With Rosh Hashanah and Yom Kippur around the corner, the liturgy often speaks to the planning of life and how we cannot comprehend what will happen to us in the future. We are constantly reminded that we are not in total control of our fate. We pray our sins will be forgiven, the slates wiped clean so we can start the year afresh. We beat our hands against our hearts when we say Ashamnu for each transgression listed, symbolically punishing the heart for being responsible for leading us to sins of greed, lust and anger.
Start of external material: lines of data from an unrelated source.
lemma bounded_image_periodic_in_fst:
  fixes f :: "(real ^ 'd) \<times> 'a::topological_space \<Rightarrow> 'b::metric_space"
  assumes "continuous_on UNIV f" "compact K"
    and periodic: "\<And>x k p. f (x + int_shift k, p) = f (x, p)"
  shows "bounded (f ` (UNIV \<times> K))"
proof -
  have "f ` (UNIV \<times> K) \<subseteq> f ` (cbox (vec 0) (vec 1) \<times> K)"
  proof clarify
    fix x :: "real ^ 'd" and p assume "p \<in> K"
    obtain k where "x + int_shift k \<in> cbox (vec 0) (vec 1)"
      using int_shift_into_unit_cube by blast
    with \<open>p \<in> K\<close> show "f (x, p) \<in> f ` (cbox (vec 0) (vec 1) \<times> K)"
      by (metis mem_Sigma_iff periodic rev_image_eqI)
  qed
  moreover have "compact (f ` (cbox (vec 0) (vec 1) \<times> K))"
    using assms(1,2) by (intro compact_continuous_image compact_Times compact_cbox)
      (auto intro: continuous_on_subset)
  ultimately show ?thesis
    using bounded_subset compact_imp_bounded by blast
qed

lemma bounded_range_zd_periodic:
  fixes u :: "real ^ 'd \<Rightarrow> 'b::metric_space"
  assumes "continuous_on UNIV u" "zd_periodic u"
  shows "bounded (range u)"
proof -
  have "continuous_on UNIV (\<lambda>z::(real ^ 'd) \<times> real. u (fst z))"
    by (rule continuous_on_compose2[OF assms(1) _ subset_UNIV]) (intro continuous_intros)
  then have "bounded ((\<lambda>z. u (fst z)) ` (UNIV \<times> {0::real}))"
    using assms(2) by (intro bounded_image_periodic_in_fst) (auto simp: zd_periodic_def)
  moreover have "(\<lambda>z. u (fst z)) ` (UNIV \<times> {0::real}) = range u"
    by force
  ultimately show ?thesis by simp
qed

lemma tonelli_bounded_above_on_unit_ball:
  assumes "tonelli H"
  obtains M where "\<And>x p. norm p \<le> 1 \<Longrightarrow> H (x, p) \<le> M"
proof -
  have "bounded (H ` (UNIV \<times> cball 0 1))"
    by (rule bounded_image_periodic_in_fst[where K = "cball 0 1", OF tonelli_continuous[OF assms]
          compact_cball tonelli_periodic[OF assms]])
  then obtain M where M: "\<And>z. z \<in> H ` (UNIV \<times> cball 0 1) \<Longrightarrow> \<bar>z\<bar> \<le> M"
    by (auto simp: bounded_iff)
  have "H (x, p) \<le> M" if "norm p \<le> 1" for x p
    using M[of "H (x, p)"] that by simp
  then show ?thesis
    by (rule that)
qed

lemma bdd_above_Legendre:
  assumes superlinear: "\<And>A. \<exists>B. \<forall>x p. A * norm p - B \<le> H (x, p)"
  shows "bdd_above (range (\<lambda>p. inner p v - H (x, p)))"
proof -
  obtain B where B: "\<And>x p. norm v * norm p - B \<le> H (x, p)"
    using superlinear by blast
  have "inner p v - H (x, p) \<le> B" for p
    using norm_cauchy_schwarz[of p v] B[where x = x and p = p] by (simp add: mult.commute)
  then show ?thesis
    by (intro bdd_aboveI2)
qed

lemma lagrangian_ge:
  assumes "\<And>A. \<exists>B. \<forall>x p. A * norm p - B \<le> H (x, p)"
  shows "inner p v - H (x, p) \<le> lagrangian H x v"
  unfolding lagrangian_def by (rule cSUP_upper[OF UNIV_I bdd_above_Legendre[OF assms]])

lemma norm_minus_le_lagrangian:
  assumes "\<And>A. \<exists>B. \<forall>x p. A * norm p - B \<le> H (x, p)"
    and "\<And>x p. norm p \<le> 1 \<Longrightarrow> H (x, p) \<le> M"
  shows "norm v - M \<le> lagrangian H x v"
proof -
  have "inner (sgn v) v = norm v"
    by (cases "v = 0") (simp_all add: sgn_div_norm power2_norm_eq_inner[symmetric] power2_eq_square)
  moreover have "H (x, sgn v) \<le> M"
    using assms(2) by (simp add: norm_sgn)
  ultimately show ?thesis
    using lagrangian_ge[OF assms(1), of "sgn v" v x] by linarith
qed

lemma norm_diff_minus_le_Ltau:
  assumes "\<And>x w. norm w - M \<le> L x w" "\<tau> > 0"
  shows "norm (y - x) - \<tau> * M \<le> Ltau L \<tau> x y"
proof -
  have "\<tau> * (norm ((1 / \<tau>) *\<^sub>R (y - x)) - M) \<le> Ltau L \<tau> x y"
    unfolding Ltau_def by (rule mult_left_mono[OF assms(1)]) (use assms(2) in simp)
  then show ?thesis
    using assms(2) by (simp add: right_diff_distrib)
qed

lemma discrete_LO_solution_dominated:
  assumes "discrete_LO_solution L \<tau> c u" "bdd_below (range u)" "\<And>x w. A \<le> L x w" "\<tau> \<ge> 0"
  shows "u y + \<tau> * c \<le> u x + Ltau L \<tau> x y"
proof -
  obtain B where "\<And>x. B \<le> u x"
    using assms(2) by (auto simp: bdd_below_def)
  moreover have "\<tau> * A \<le> Ltau L \<tau> x y" for x
    unfolding Ltau_def using assms(3,4) by (simp add: mult_left_mono)
  ultimately have "bdd_below (range (\<lambda>x. u x + Ltau L \<tau> x y))"
    by (intro bdd_belowI2[where m = "B + \<tau> * A"]) (simp add: add_mono)
  then have "(INF x. u x + Ltau L \<tau> x y) \<le> u x + Ltau L \<tau> x y"
    by (rule cINF_lower) simp
  then show ?thesis
    using assms(1) by (simp add: discrete_LO_solution_def mult.commute)
qed

definition calibrated_pair ::
  "(real ^ 'd \<Rightarrow> real ^ 'd \<Rightarrow> real) \<Rightarrow> real \<Rightarrow> real \<Rightarrow> (real ^ 'd \<Rightarrow> real)
     \<Rightarrow> real ^ 'd \<Rightarrow> real ^ 'd \<Rightarrow> bool" where
  "calibrated_pair L \<tau> c u x y \<longleftrightarrow> u y + \<tau> * c = u x + Ltau L \<tau> x y"

lemma calibrated_iff:
  "calibrated L \<tau> c u x xs \<longleftrightarrow> xs 0 = x \<and> (\<forall>k. calibrated_pair L \<tau> c u (xs (Suc k)) (xs k))"
  by (simp add: calibrated_def calibrated_pair_def)

lemma dist_le_if_calibrated_pair:
  assumes "calibrated_pair L \<tau> c u x y" "\<And>z. \<bar>u z\<bar> \<le> K" "\<And>z w. norm w - M \<le> L z w" "\<tau> > 0"
  shows "dist x y \<le> 2 * K + \<tau> * \<bar>c\<bar> + \<tau> * M"
proof -
  have "norm (y - x) - \<tau> * M \<le> u y - u x + \<tau> * c"
    using norm_diff_minus_le_Ltau[where L = L and x = x and y = y, OF assms(3,4)] assms(1)
    by (simp add: calibrated_pair_def)
  moreover have "u y - u x \<le> 2 * K"
    using assms(2)[of x] assms(2)[of y] by linarith
  moreover have "\<tau> * c \<le> \<tau> * \<bar>c\<bar>"
    using assms(4) by (simp add: mult_left_mono)
  ultimately show ?thesis
    by (simp add: dist_norm norm_minus_commute)
qed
There’s a project called ‘At the Well’, a women’s Jewish spirituality and wellness website. They offer a different version of the Ashamnu prayer, which I think is more appropriate in a modern context. The verse that I relate to the most is “(w)e have held others to unrealistic expectations”. I understand this not only to speak to our transgression of this to other people, but also to the standards to which we hold ourselves. We often have expectations of what we are supposed to do and who we are supposed to be. How much further can I climb up the corporate and social ladder? How much weight should I lose this year?

How many times should I go to Shul? We batter and beat ourselves mentally when we have failed to accomplish what we set out to do at the beginning of a certain time period, whether it’s an annual goal (e.g. our birthday or Yom Kippur) or a goal we have set from our teenage years. When I look at what I’ve done in the past year, I try not to count the times I did not accomplish what I set out to do, or where I should have been in my 30-year-old mind. Instead, I look at how I have changed and how the many twists and turns of the year’s journey have shaped my current and my future self. My hope is that next year when, please G-d, I have my 32nd birthday, I will be able to look back and see where I have succeeded and grown.